St Augustin lit et commente St Jean

Chapitre 8e : L'Eglise

L'Eglise est très présente dans les Homélies sur l'Evangile de Jean, et même dans le Commentaire sur la 1ère Epître.

Augustin est encore très pris par la querelle avec les donatistes qu'il accuse de déchirer l'Eglise. On retrouvera un peu partout exposé ce thème fondamental de l'unité et de l'universalité de l'Eglise.

Les donatistes prétendaient que seul un ministre saint pouvait donner un sacrement valide. Augustin comprend que par là les donatistes dépossèdent le Christ de ses prérogatives au profit de l'Eglise et de ses évêques : y a-t-il encore salut dans le Christ avec de telles thèses ? Augustin qui exprime sa souffrance de voir ainsi l'Eglise déchirée rappelle sans relâche que le baptême est don du Christ, que sa valeur et sa sainteté ne dépendent que des mérites du Christ : c'est en eux que les baptisés doivent placer leur espérance.

De nombreux symboles sont utilisés par Augustin pour représenter l'Eglise : la colombe, l'épouse, l'arche, la pierre, la pêche miraculeuse…

L'Eglise, épouse du Christ

Augustin s'interroge dans le Commentaire sur la 1ère Epître, Tr. II, 2, sur ce que l'on peut dire de l'Epouse quand on sait de l'Epoux qu'il "fallait que le Christ souffrît et ressuscitât le troisième jour." :

"Au sujet de l'Epouse, voyons ce qu'il dit : connaissant l'Epoux et l'Epouse, c'est en connaissance de cause que tu viendras aux noces. Car toute célébration est célébration nuptiale : on y célèbre les noces de l'Eglise. Le Fils du Roi doit prendre femme, et le Fils du Roi est lui-même Roi ; et ceux qui assistent aux noces sont eux-mêmes l'Epouse. Il n'en est point comme des noces charnelles : autres y sont les assistants, autre l'épouse ; dans l'Eglise, les assistants, s'ils sont dans les dispositions voulues, deviennent l'Epouse. Toute l'Eglise en effet est l'Epouse du Christ, elle dont l'origine et les prémices sont la chair du Christ : c'est là que l'Epouse s'est unie à l'Epoux dans la chair. C'est à juste titre que, nous montrant le prix de sa chair, il a rompu le pain ; et c'est à juste titre que, à la fraction du pain, s'ouvrirent les yeux des disciples et qu'ils le reconnurent." (p. 155)
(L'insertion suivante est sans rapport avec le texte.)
(* Let $n\ge1$, let $\Omega\subset\mathbb{R}^n$ be a bounded open set and $\mu$ a finite (signed) Radon measure on $\Omega$. Assume there exist $\theta\in(0,1)$ and sequences $r_k,\varepsilon_k$ with $0<\sqrt n\,r_k\le\varepsilon_k\downarrow0$ such that $$\liminf_{k\to\infty}\int_{\Omega^{\varepsilon_k}}\frac{|\mu(Q_{x,r_k})|^\theta}{r_k^n}\,dx<\infty.$$ Then there exist (at most countably many) points $x^j\in\Omega$ and $m_j\in\mathbb{R}\setminus\{0\}$ such that $\mu=\sum_j m_j\delta_{x^j}$ and $$\sum_j|m_j|^\theta\le\liminf_{k\to\infty}\int_{\Omega^{\varepsilon_k}}\frac{|\mu(Q_{x,r_k})|^\theta}{r_k^n}\,dx.$$
   Context: $Q_{x,r}:=x+[0,r)^n$ for $x\in\mathbb{R}^n$, $r>0$. $\Omega^\varepsilon:=\{x\in\Omega:\operatorname{dist}(x,\mathbb{R}^n\setminus\Omega)>\varepsilon\}$, so that $Q_{x,r}\subset\Omega$ whenever $x\in\Omega^\varepsilon$ and $\sqrt n\,r\le\varepsilon$. *)

theory Defs
  imports "HOL-Analysis.Analysis"
begin

definition cube :: "'a::euclidean_space \<Rightarrow> real \<Rightarrow> 'a set" where
  "cube x r = {y. \<forall>b\<in>Basis. x \<bullet> b \<le> y \<bullet> b \<and> y \<bullet> b < x \<bullet> b + r}"

definition inner_set :: "'a::euclidean_space set \<Rightarrow> real \<Rightarrow> 'a set" where
  "inner_set \<Omega> \<epsilon> = {x \<in> \<Omega>. infdist x (UNIV - \<Omega>) > \<epsilon>}"

text \<open>Finite signed measure given by its Jordan decomposition mu = M1 - M2.\<close>
definition signed_meas :: "'a measure \<Rightarrow> 'a measure \<Rightarrow> 'a set \<Rightarrow> real" where
  "signed_meas M1 M2 A = measure M1 A - measure M2 A"

end

theory Submission
  imports Defs
begin

text \<open>
  The set of corners x with y \<in> Q_{x,r} is itself a cube of volume r^n, so by Tonelli the integral
  of \<mu>(Q_{x,r}) over the r-neighbourhood of a set K is r^n \<mu>(K), up to the mass of a slightly larger
  neighbourhood. Where |\<mu>(Q_{x,r})| < \<eta> one has |\<mu>(Q_{x,r})|^\<theta> \<ge> \<eta>^(\<theta>-1) |\<mu>(Q_{x,r})|, and
  \<eta>^(\<theta>-1) \<rightarrow> \<infinity> as \<eta> \<rightarrow> 0 because \<theta> < 1. Once finitely many atoms are removed, small cubes
  carry small mass; hence a compact atom-free set of positive measure would force infinite
  energy, and \<mu> is purely atomic. Conversely, for small r a cube containing an atom z has
  measure close to \<mu>{z}, the cubes containing distinct atoms are disjoint, and those containing
  z fill volume r^n, which bounds \<Sum> |\<mu>{z}|^\<theta> by the liminf of the energy.
\<close>

section \<open>Cubes\<close>

lemma dist_less_in_cube:
  fixes x :: "'a::euclidean_space"
  assumes "y \<in> cube x s" "z \<in> cube x s"
  shows "dist y z < sqrt DIM('a) * s"
proof -
  have "\<bar>(y - z) \<bullet> b\<bar> < s" if "b \<in> Basis" for b
  proof -
    have "x \<bullet> b \<le> y \<bullet> b \<and> y \<bullet> b < x \<bullet> b + s" "x \<bullet> b \<le> z \<bullet> b \<and> z \<bullet> b < x \<bullet> b + s"
      using assms that by (auto simp: cube_def)
    then show ?thesis
      by (simp add: inner_diff_left abs_less_iff)
  qed
  then have "infnorm (y - z) < s"
    by (simp add: infnorm_Max)
  then have "sqrt DIM('a) * infnorm (y - z) < sqrt DIM('a) * s"
    by simp
  then show ?thesis
    unfolding dist_norm using norm_le_infnorm[of "y - z"] by linarith
qed
(* Let $X$ be a locally compact Hausdorff space, $\zeta$ a quasi-integral on $X$, $O\in\mathcal O(X)$, and $\widehat O=O\cup\{\infty\}$ the one-point compactification of $O$. Let $C_0(\widehat O)=\{f\in C(\widehat O)\mid f(\infty)=0\}$, in which $C_c(O)$ is uniformly dense; since $\zeta|_{C_c(O)}$ is Lipschitz, it has a unique Lipschitz extension $\widehat\zeta_O$ to $C_0(\widehat O)$. For general $f\in C(\widehat O)$ set $\widehat\zeta_O(f)=\widehat\zeta_O(f-f(\infty))+\lambda_O f(\infty)$, where $\lambda_O=\sup\{\zeta(g)\mid g\in C_c(O),\ g\le\mathbf 1_O\}$. Then $\widehat\zeta_O:C(\widehat O)\to\mathbb R$ is a quasi-integral on the compact space $\widehat O$; more precisely it is monotone, Lipschitz, and linear on every subspace $\{\phi\circ f\mid\phi\in C(\mathbb R)\}$, $f\in C(\widehat O)$.
   Context: $C_c(X)$ denotes real-valued continuous functions with compact support, with the uniform norm; $\mathbf 1_A$ is an indicator function; $\mathcal O(X)$ is the family of open subsets of $X$ with compact closure. A quasi-integral on a locally compact Hausdorff space $X$ is a functional $\eta:C_c(X)\to\mathbb R$ such that: (i) $\eta(f)\le\eta(g)$ whenever $f\le g$; (ii) for every compact $K\subset X$ there is $N_K\ge0$ with $|\eta(f)-\eta(g)|\le N_K\|f-g\|$ for all $f,g$ supported in $K$; (iii) for every $f\in C_c(X)$, $\eta$ is linear on $\{\phi\circ f\mid \phi\in C(\mathbb R),\ \phi(0)=0\}$. *)

theory Defs
  imports "HOL-Analysis.Analysis"
begin

definition supp :: "('a::topological_space \<Rightarrow> real) \<Rightarrow> 'a set" where
  "supp f = {x. f x \<noteq> 0}"

definition Cc :: "('a::topological_space \<Rightarrow> real) set" where
  "Cc = {f. continuous_on UNIV f \<and> compact (closure (supp f))}"

definition unorm :: "('a \<Rightarrow> real) \<Rightarrow> real" where
  "unorm f = (SUP x. \<bar>f x\<bar>)"

definition quasi_integral :: "(('a::topological_space \<Rightarrow> real) \<Rightarrow> real) \<Rightarrow> bool" where
  "quasi_integral \<eta> \<longleftrightarrow>
     (\<forall>f\<in>Cc. \<forall>g\<in>Cc. (\<forall>x. f x \<le> g x) \<longrightarrow> \<eta> f \<le> \<eta> g) \<and>
     (\<forall>K. compact K \<longrightarrow> (\<exists>N\<ge>0. \<forall>f\<in>Cc. \<forall>g\<in>Cc. supp f \<subseteq> K \<and> supp g \<subseteq> K \<longrightarrow>
           \<bar>\<eta> f - \<eta> g\<bar> \<le> N * unorm (\<lambda>x. f x - g x))) \<and>
     (\<forall>f\<in>Cc. \<forall>\<phi> \<psi> :: real \<Rightarrow> real. \<forall>a b :: real.
        continuous_on UNIV \<phi> \<and> \<phi> 0 = 0 \<and> continuous_on UNIV \<psi> \<and> \<psi> 0 = 0 \<longrightarrow>
        \<eta> (\<lambda>x. a * \<phi> (f x) + b * \<psi> (f x)) = a * \<eta> (\<phi> \<circ> f) + b * \<eta> (\<psi> \<circ> f))"
lemma binomial_gap_near_middle:
  assumes T: "1 \<le> T" "16 * T^2 \<le> m" "m \<le> 64 * T^2"
  shows "real (m choose (m div 2)) / 200 \<le>
    real (m choose ((m + 1 - T) div 2)) - real (m choose ((m - 2 * T) div 2))"
proof -
  let ?f = "\<lambda>u. real (m choose u)"
  let ?M = "?f (m div 2)"
  define i1 where "i1 = (m + 1 - T) div 2"
  define i2 where "i2 = (m - 2 * T) div 2"
  have "T \<le> T^2" using T(1) by (simp add: power2_eq_square)
  then have "2 * T \<le> m" using T(2) by linarith
  then have i: "2 * i1 + T \<le> m + 1" "m \<le> 2 * i1 + T" "2 * i2 + 2 * T \<le> m" "m \<le> 2 * i2 + 2 * T + 1"
    unfolding i1_def i2_def by presburger+
  have m_pos: "0 < real m" using \<open>2 * T \<le> m\<close> T(1) by simp
  let ?step = "3 / 4 * ?M * (real T / real m)"
  have "real (i1 - i2) * ?step = (\<Sum>u\<in>{i2..<i1}. ?step)"
    by simp
  also have "\<dots> \<le> (\<Sum>u\<in>{i2..<i1}. ?f (Suc u) - ?f u)"
  proof (rule sum_mono)
    fix u
    assume u: "u \<in> {i2..<i1}"
    then have "u < i1" by simp
    then have u_le: "2 * Suc u \<le> m"
      using i(1) T(1) by presburger
    have "T + 2 * Suc u \<le> m + 1"
      using \<open>u < i1\<close> i(1) by presburger
    then have "real (T + 2 * Suc u) \<le> real (m + 1)"
      by (simp only: of_nat_le_iff)
    then have "real T \<le> real m - 2 * real u - 1"
      by simp
    then have "real T / real m \<le> (real m - 2 * real u - 1) / real m"
      using m_pos by (simp add: divide_right_mono)
    moreover have "3 / 4 * ?M \<le> ?f (Suc u)"
      using u u_le i(4) by (intro binomial_near_middle[OF T(2)]) auto
    ultimately have "?step \<le> ?f (Suc u) * ((real m - 2 * real u - 1) / real m)"
      by (intro mult_mono) auto
    then show "?step \<le> ?f (Suc u) - ?f u"
      using binomial_Suc_minus_binomial_ge[OF u_le] by linarith
  qed
  also have "\<dots> = ?f i1 - ?f i2"
    using sum_Suc_diff'[of i2 i1 ?f] i by simp
  finally have gap: "real (i1 - i2) * ?step \<le> ?f i1 - ?f i2" .
  have "real T / 2 \<le> real (i1 - i2)"
    using i by linarith
  then have "real T / 2 * ?step \<le> real (i1 - i2) * ?step"
    by (rule mult_right_mono) simp
  moreover have "?M / 200 \<le> real T / 2 * ?step"
  proof -
    have "real m \<le> 64 * real T ^ 2"
      using T(3) by (metis of_nat_le_iff of_nat_mult of_nat_numeral of_nat_power)
    then have "?M * (8 * real m) \<le> ?M * (600 * real T ^ 2)"
      by (intro mult_left_mono) auto
    then show ?thesis
      using m_pos by (simp add: field_simps power2_eq_square)
  qed
  ultimately show ?thesis
    using gap unfolding i1_def i2_def by linarith
qed
(* Every factor-critical edge-stable equimatchable graph is 2-connected.
   Context: All graphs are finite and simple. A graph is equimatchable if all its maximal matchings have the same cardinality; an equimatchable graph $G$ is edge-stable if $G\setminus e$ (delete edge $e$, keep vertices) is equimatchable for every $e\in E(G)$. A graph $G$ is factor-critical if $G-v$ has a perfect matching for every $v\in V(G)$. *)

theory Defs
  imports Main
begin

definition simple_graph :: "'a set \<Rightarrow> 'a set set \<Rightarrow> bool" where
  "simple_graph V E \<longleftrightarrow> finite V \<and>
     (\<forall>e\<in>E. \<exists>u v. e = {u, v} \<and> u \<noteq> v \<and> u \<in> V \<and> v \<in> V)"

definition matching :: "'a set set \<Rightarrow> 'a set set \<Rightarrow> bool" where
  "matching E M \<longleftrightarrow> M \<subseteq> E \<and> (\<forall>e1\<in>M. \<forall>e2\<in>M. e1 \<noteq> e2 \<longrightarrow> e1 \<inter> e2 = {})"

definition maximal_matching :: "'a set set \<Rightarrow> 'a set set \<Rightarrow> bool" where
  "maximal_matching E M \<longleftrightarrow> matching E M \<and>
     (\<forall>M'. matching E M' \<and> M \<subseteq> M' \<longrightarrow> M' = M)"

definition equimatchable :: "'a set \<Rightarrow> 'a set set \<Rightarrow> bool" where
  "equimatchable V E \<longleftrightarrow>
     (\<forall>M1 M2. maximal_matching E M1 \<and> maximal_matching E M2 \<longrightarrow> card M1 = card M2)"
lemma induced_sub_edge_graphI:
  assumes "length vs = k" and "distinct vs" and "set vs \<subseteq> verts G"
    and "\<forall>i\<in>{1..k}. \<forall>j\<in>{1..k}.
           adj G (vs ! (i - 1)) (vs ! (j - 1)) \<longleftrightarrow> (i, j) \<in> set es \<or> (j, i) \<in> set es"
  shows "induced_sub (edge_graph {1..k} es) G"
  unfolding induced_sub_def
proof (intro exI[of _ "\<lambda>i. vs ! (i - 1)"] conjI)
  show "inj_on (\<lambda>i. vs ! (i - 1)) (verts (edge_graph {1..k} es))"
    using assms(1,2) by (auto simp: inj_on_def nth_eq_iff_index_eq)
  show "(\<lambda>i. vs ! (i - 1)) ` verts (edge_graph {1..k} es) \<subseteq> verts G"
    using assms(1,3) by (auto intro!: subsetD[OF assms(3)] nth_mem)
qed (use assms(4) in simp)

definition complete_multipartite :: "'a graph \<Rightarrow> bool" where
  "complete_multipartite G \<longleftrightarrow> (\<forall>a\<in>verts G. \<forall>b\<in>verts G. \<forall>c\<in>verts G.
     \<not> adj G a b \<longrightarrow> \<not> adj G b c \<longrightarrow> \<not> adj G a c)"

locale simple_graph =
  fixes G :: "'a graph"
  assumes sgraph: "sgraph G"
begin

lemma adj_sym: "adj G x y \<longleftrightarrow> adj G y x"
  using sgraph unfolding sgraph_def by blast

lemma adj_irrefl [simp]: "\<not> adj G x x"
  using sgraph unfolding sgraph_def by blast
Il insiste : l'Eglise, commencée à Jérusalem, s'est étendue à toutes les Nations : le Christ l'a placée en plein soleil, l'a plantée à la vue de tous, cette Eglise qui est sa chair ; le Christ, Tête, montant au ciel, laisse son Corps demeurer ici-bas, sur toute la terre (op. cit., X, 9) :

"Garde-toi de le frapper, garde-toi de lui faire violence, garde-toi de le fouler aux pieds : telles sont les dernières paroles du Christ au moment d'aller au ciel."

Augustin insiste sur l'importance de respecter les dernières paroles du Christ :

"Frères, pensez-y avec votre cœur de chrétien. Si les paroles de celui qui va au tombeau sont pour ses héritiers si douces, si chères, d'un si grand poids, que ne doivent pas être pour les héritiers du Christ les dernières paroles qu'il ait dites, alors qu'il allait, non pas pour retourner au tombeau, mais monter au ciel ! (Commentaire sur la 1ère Ep., X, 9, p. 435).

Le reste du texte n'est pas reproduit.